In this study of the colonial contexts of US-backed Israeli atrocities in West Asia, Denijal Jegić analyses the victim-blaming narratives employed by media actors to justify the extension of genocide into Lebanon.
While the Israeli regime continues to commit unspeakable crimes in its genocide against the Palestinian population in Gaza, the regime has in recent weeks intensified its war against Lebanon, in addition to its hostilities against Iran, Syria and Yemen. Israel’s relentless and sadistic war against Lebanon follows a similar approach as its genocide in Gaza. The Israeli regime is bombarding civilians and civilian infrastructure, spreading death and destruction in its attempted settler-colonial conquest. The Israeli effort to confront the Lebanese resistance and make at least parts of the country uninhabitable has received considerable backing from Western political elites as well as mainstream media. Just like in Gaza, corporate mainstream media has contributed to the manufacturing of consent for genocide in Lebanon.

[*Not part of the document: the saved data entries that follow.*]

lemma h_mu_le_h_mu_zero:
  assumes B: "\<And>y. y \<in> Y \<Longrightarrow> norm y \<le> B" and "0 \<le> \<mu>"
  shows "h_mu Y f g \<mu> l x \<le> h_mu Y f g 0 l x + \<mu> * B^2"
proof (cases "Y = {}")
  case True thus ?thesis using \<open>0 \<le> \<mu>\<close> by (simp add: h_mu_def)
next
  case False
  have "h_mu Y f g \<mu> l x - \<mu> * B^2 \<le> 0 * (norm y)^2 + f x y + l \<bullet> g x y" if "y \<in> Y" for y
  proof -
    have "h_mu Y f g \<mu> l x \<le> \<mu> * (norm y)^2 + f x y + l \<bullet> g x y"
      unfolding h_mu_def by (rule cINF_lower[OF bdd_below_h_mu_objective that])
    moreover have "\<mu> * (norm y)^2 \<le> \<mu> * B^2"
      using B[OF that] \<open>0 \<le> \<mu>\<close> by (intro mult_left_mono power_mono) auto
    ultimately show ?thesis by simp
  qed
  hence "h_mu Y f g \<mu> l x - \<mu> * B^2 \<le> h_mu Y f g 0 l x"
    unfolding h_mu_def[of Y f g 0] by (rule cINF_greatest[OF False])
  thus ?thesis by simp
qed

lemma Cset_mono:
  assumes "\<epsilon> \<le> \<epsilon>'" and "\<mu> \<le> \<mu>'"
  shows "Cset Y f g G \<epsilon> \<mu> \<subseteq> Cset Y f g G \<epsilon>' \<mu>'"
  using assms h_mu_mono[OF assms(2)] by (auto simp: Cset_def intro: order_trans) (smt (verit))

lemma Cset_subset_Cset_zero:
  assumes "\<And>y. y \<in> Y \<Longrightarrow> norm y \<le> B" and "0 \<le> \<mu>"
  shows "Cset Y f g G \<epsilon> \<mu> \<subseteq> Cset Y f g G (\<epsilon> + \<mu> * B^2) 0"
proof -
  have "h_mu Y f g \<mu> l x \<le> h_mu Y f g 0 l x + \<mu> * B^2" for l x
    using assms by (rule h_mu_le_h_mu_zero)
  moreover have "0 \<le> \<mu> * B^2" using \<open>0 \<le> \<mu>\<close> by simp
  ultimately show ?thesis
    by (auto simp: Cset_def intro: order_trans) (smt (verit))
qed

lemma closed_Cset_zero:
  assumes G_cont: "continuous_on UNIV G"
  shows "closed (Cset Y f g G \<epsilon> 0)"
proof -
  let ?x = "\<lambda>w::(real^'n) \<times> (real^'m) \<times> (real^'p). fst w"
  let ?y = "\<lambda>w::(real^'n) \<times> (real^'m) \<times> (real^'p). fst (snd w)"
  let ?l = "\<lambda>w::(real^'n) \<times> (real^'m) \<times> (real^'p). snd (snd w)"
  have x: "continuous_on UNIV ?x" and y: "continuous_on UNIV ?y" and l: "continuous_on UNIV ?l"
    by (intro continuous_intros)+
  have "Cset Y f g G \<epsilon> 0 =
      {w. \<forall>j. G (?x w) $ j \<le> 0} \<inter> {w. \<forall>i. g (?x w) (?y w) $ i \<le> \<epsilon>} \<inter> {w. \<forall>i. 0 \<le> ?l w $ i}
      \<inter> {w. f (?x w) (?y w) - \<epsilon> \<le> (INF y'\<in>Y. 0 * (norm y')^2 + f (?x w) y' + ?l w \<bullet> g (?x w) y')}"
    by (auto simp: Cset_def h_mu_def)
  moreover have "closed {w. \<forall>j. G (?x w) $ j \<le> 0}"
    using continuous_on_compose2[OF G_cont x]
    by (auto intro!: closed_Collect_all closed_Collect_le continuous_on_component)
  moreover have "closed {w. \<forall>i. g (?x w) (?y w) $ i \<le> \<epsilon>}"
    by (intro closed_Collect_all closed_Collect_le continuous_intros
        continuous_on_case_prod_compose[OF g_cont x y])
  moreover have "closed {w. \<forall>i. 0 \<le> ?l w $ i}"
    by (intro closed_Collect_all closed_Collect_le continuous_intros)
  moreover have "closed {w. f (?x w) (?y w) - \<epsilon>
      \<le> (INF y'\<in>Y. 0 * (norm y')^2 + f (?x w) y' + ?l w \<bullet> g (?x w) y')}"
    by (intro closed_Collect_le_INF bdd_below_h_mu_objective continuous_intros
        continuous_on_case_prod_compose[OF f_cont x y] continuous_on_case_prod_compose[OF f_cont x]
        continuous_on_case_prod_compose[OF g_cont x])
  ultimately show ?thesis by (simp add: closed_Int)
qed

end

lemma Inter_Cset_greater_subset: "(\<Inter>\<epsilon>\<in>{a<..}. Cset Y f g G \<epsilon> \<mu>) \<subseteq> Cset Y f g G a \<mu>"
proof
  fix w assume "w \<in> (\<Inter>\<epsilon>\<in>{a<..}. Cset Y f g G \<epsilon> \<mu>)"
  hence mem: "\<And>e. a < e \<Longrightarrow> w \<in> Cset Y f g G e \<mu>" by blast
  show "w \<in> Cset Y f g G a \<mu>"
    using mem mem[of "a + 1"] by (cases w) (auto simp: Cset_def intro: dense_ge)
qed

lemma at_corner_within_quadrant_neq_bot:
  "at (a::real, 0::real) within {(e, m). a \<le> e \<and> 0 \<le> m} \<noteq> bot"
proof -
  have "(a, 0) islimpt {(e, m). a \<le> e \<and> (0::real) \<le> m}"
    unfolding islimpt_approachable
  proof (intro allI impI)
    fix r :: real assume "r > 0"
    thus "\<exists>p\<in>{(e, m). a \<le> e \<and> (0::real) \<le> m}. p \<noteq> (a, 0) \<and> dist p (a, 0) < r"
      by (intro bexI[of _ "(a + r/2, 0)"]) (auto simp: dist_Pair_Pair dist_real_def)
  qed
  thus ?thesis by (simp add: trivial_limit_within)
qed

lemma eventually_at_corner_within_quadrant:
  assumes "a < b"
  shows "eventually (\<lambda>(e, m). a \<le> e \<and> 0 \<le> m \<and> e + m * c < b)
           (at (a::real, 0::real) within {(e, m). a \<le> e \<and> 0 \<le> m})"
proof -
  have "((\<lambda>p. fst p + snd p * c) \<longlongrightarrow> a + 0 * c) (at (a, 0) within {(e, m). a \<le> e \<and> 0 \<le> m})"
    using tendsto_fst[OF tendsto_ident_at] tendsto_snd[OF tendsto_ident_at]
    by (intro tendsto_intros) (auto simp del: tendsto_ident_at)
  hence "eventually (\<lambda>p. fst p + snd p * c < b) (at (a, 0) within {(e, m). a \<le> e \<and> 0 \<le> m})"
    using assms by (auto dest: order_tendstoD(2))
  moreover have "eventually (\<lambda>p. p \<in> {(e, m). a \<le> e \<and> 0 \<le> m})
      (at (a, 0) within {(e, m). a \<le> e \<and> (0::real) \<le> m})"
    by (simp add: eventually_at_filter)
  ultimately show ?thesis
    by eventually_elim auto
qed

Genocide and Settler-Colonial Conquest
The Lebanese resistance movement Hezbollah intervened in the Israeli genocide in Palestine in October 2023 and had for months carried out resistance operations targeting Israeli military infrastructure, in order to engage the Israeli military in the north of Occupied Palestine and thus reduce pressure on the Palestinian people being killed under Israeli blockade. Although the manufactured colonialist narrative presents October 7 as the starting point of the war, Hamas’ operation was conducted in the context of an ongoing Israeli illegal military occupation and blockade of Palestine and over a century of Zionist colonialism. Lebanon and Israel have been in a state of war since the violent proclamation of that state during the Nakba in 1948 when “Israel” launched its first attacks against civilians in South Lebanon.

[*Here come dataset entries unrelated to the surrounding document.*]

lemma q0_const:
  assumes "t - s \<le> m" "t - s \<le> i" "i \<le> m" and h1_pred: "h1 (i - 1) = s"
  shows "q0 i = t - s"
proof -
  have i: "1 \<le> i"
    using assms(2) t_ge s_ge r_pos by linarith
  then have "q0 i \<le> t - s"
    using h0_mono[OF assms(1,3) order_refl] h0_eq[of i] h0_eq[of m] h1_pred s q0_at_m m2 by simp
  moreover have "q0 m \<le> q0 i"
    using macaulay_2var_antimono[OF macaulay(3) i] calculation assms(2,3) by simp
  ultimately show ?thesis
    using q0_at_m by simp
qed

lemma shape_h2_h1:
  "(\<forall>i. i \<le> r - 1 \<longrightarrow> h2 i = i + 1)
    \<and> (\<forall>i. r \<le> i \<and> i \<le> m - 1 \<longrightarrow> h2 i = r)
    \<and> (\<forall>i. i \<le> r - 1 \<longrightarrow> h1 i = 2 * i + 1)
    \<and> (\<forall>i. r \<le> i \<and> i + r + 1 \<le> s \<longrightarrow> h1 i = i + r + 1)
    \<and> (\<forall>i. s \<le> i + r \<and> i \<le> m - 1 \<longrightarrow> h1 i = s)"
  using h2_low h2_const h1_low h1_mid h1_const by blast

lemma shape_h0_t_eq_3r:
  "t = 3 * r \<longrightarrow>
         (h0 0 = 1
          \<and> (\<forall>i. 1 \<le> i \<and> i \<le> r - 1 \<longrightarrow> h0 i = 3 * i)
          \<and> (\<forall>i. r \<le> i \<and> i \<le> m \<longrightarrow> h0 i = 3 * r))
       \<or> (h0 0 = 1
          \<and> (\<forall>i. 1 \<le> i \<and> i \<le> r - 1 \<longrightarrow> h0 i = 3 * i)
          \<and> h0 r = 3 * r - 1
          \<and> (\<forall>i. r + 1 \<le> i \<and> i \<le> m \<longrightarrow> h0 i = 3 * r))" (is "_ \<longrightarrow> ?P")
proof
  assume t3: "t = 3 * r"
  have s2r: "s = 2 * r" and q0_m: "t - s = r"
    using t_ge t3 s_ge by linarith+
  have low: "h0 i = 3 * i" if "1 \<le> i" "i \<le> r - 1" for i
    using h0_eq[of i] q0_full[of i] h1_low[of "i - 1"] that q0_m r_le by simp
  have high: "h0 i = 3 * r" if "r + 1 \<le> i" "i \<le> m" for i
  proof -
    have "h1 (i - 1) = s"
      using h1_const[of "i - 1"] that s2r by simp
    then show ?thesis
      using h0_eq[of i] q0_const[of i] that q0_m r_le s2r by simp
  qed
  have h0_r: "h0 r = q0 r + (2 * r - 1)"
    using h0_eq[of r] h1_low[of "r - 1"] r_pos by simp
  \<comment> \<open>the source of the two alternatives\<close>
  have "q0 r = r \<or> q0 r = r + 1"
    using macaulay_2var_le[OF macaulay(3) r_pos] q0_at_m q0_m r_le
      macaulay_2var_antimono[OF macaulay(3) r_pos, of m] by fastforce
  then show ?P
  proof
    assume "q0 r = r + 1"
    then have "h0 r = 3 * r"
      using h0_r r_pos by simp
    then have "\<forall>i. r \<le> i \<and> i \<le> m \<longrightarrow> h0 i = 3 * r"
      using high by (metis Suc_eq_plus1 le_neq_implies_less less_eq_Suc_le)
    then show ?thesis
      using low h_0(3) by blast
  next
    assume "q0 r = r"
    then show ?thesis
      using h0_r low high h_0(3) r_pos by auto
  qed
qed

lemma shape_h0_t_ne_3r:
  "t \<noteq> 3 * r \<longrightarrow>
         h0 0 = 1
       \<and> (\<forall>i. 1 \<le> i \<and> i \<le> r \<longrightarrow> h0 i = 3 * i)
       \<and> (\<forall>i. r + 1 \<le> i \<and> i + r + 1 \<le> s \<longrightarrow> h0 i = 2 * i + r + 1)
       \<and> (t + r > 2 * s \<and> s > 2 * r \<longrightarrow> h0 (s - r) = 2 * (s - r) + r + 1)
       \<and> (t + r > 2 * s \<and> s = 2 * r \<longrightarrow> h0 (s - r) = 2 * (s - r) + r)
       \<and> (\<forall>i. s + 1 \<le> i + r \<and> i + s + 1 \<le> t \<longrightarrow> h0 i = i + s + 1)
       \<and> (\<forall>i. t \<le> i + s \<and> i \<le> m \<longrightarrow> h0 i = t)" (is "_ \<longrightarrow> ?P")
proof
  assume t3: "t \<noteq> 3 * r"
  have r_less: "r < t - s"
    using t3 t_ge s_ge by linarith
  have "h0 i = 3 * i" if "1 \<le> i" "i \<le> r" for i
    using h0_eq[of i] q0_full[of i] h1_low[of "i - 1"] that r_less r_le by simp
  moreover have "h0 i = 2 * i + r + 1" if "r + 1 \<le> i" "i + r + 1 \<le> s" for i
    using h0_eq[of i] q0_full[of i] h1_mid[of "i - 1"] that t_ge s_le by simp
  moreover have "h0 (s - r) = 2 * (s - r) + r + 1" if "t + r > 2 * s" "s > 2 * r"
    using h0_eq[of "s - r"] q0_full[of "s - r"] h1_mid[of "s - r - 1"] that s_le r_pos by simp
  moreover have "h0 (s - r) = 2 * (s - r) + r" if "t + r > 2 * s" "s = 2 * r"
    using h0_eq[of r] q0_full[of r] h1_low[of "r - 1"] that r_pos r_le by simp
  moreover have "h0 i = i + s + 1" if "s + 1 \<le> i + r" "i + s + 1 \<le> t" for i
    using h0_eq[of i] q0_full[of i] h1_const[of "i - 1"] that t_le s_ge r_pos by simp
  moreover have "h0 i = t" if "t \<le> i + s" "i \<le> m" for i
  proof -
    have "h1 (i - 1) = s"
    proof (cases "s \<le> (i - 1) + r")
      case True
      then show ?thesis
        using h1_const[of "i - 1"] that by simp
    next
      case False
      then have "i = s - r" "s > 2 * r"
        using that t_ge t3 s_ge r_pos by linarith+
      then show ?thesis
        using h1_mid[of "i - 1"] by simp
    qed
    then show ?thesis
      using h0_eq[of i] q0_const[of i] that t_ge s_ge r_pos by simp
  qed
  ultimately show ?P
    using h_0(3) by blast
qed

end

The current Israeli war on Lebanon is thus a continuation of the Zionist settler-colonial conquest. Since the proclamation of the state of Israel in 1948, the regime has invaded Lebanon on numerous occasions and terrorized the South of Lebanon during a brutal military occupation. Israeli presence in Lebanon has been characterized by war crimes, massacres, death and destruction. Israel’s current terror campaign against Lebanon represents an attempt to weaken the Lebanese resistance movement Hezbollah, primarily because of Hezbollah’s intervention in the genocide and solidarity with the people of Gaza in the absence of any response from the international community.
Turning Beirut into Gaza
Since its unprecedented escalation of the genocide in Gaza in the last year, the Israeli regime has doubled down on its genocidal fantasies toward Lebanon, which had been repeatedly proclaimed by members of the regime in previous years and, in fact, span the history of the regime’s colonial communication. Following declarations that Israel would send Lebanon back to the Stone Age and obliterate its civilian infrastructure, the Netanyahu regime threatened in the past few months that it would turn Beirut into Gaza.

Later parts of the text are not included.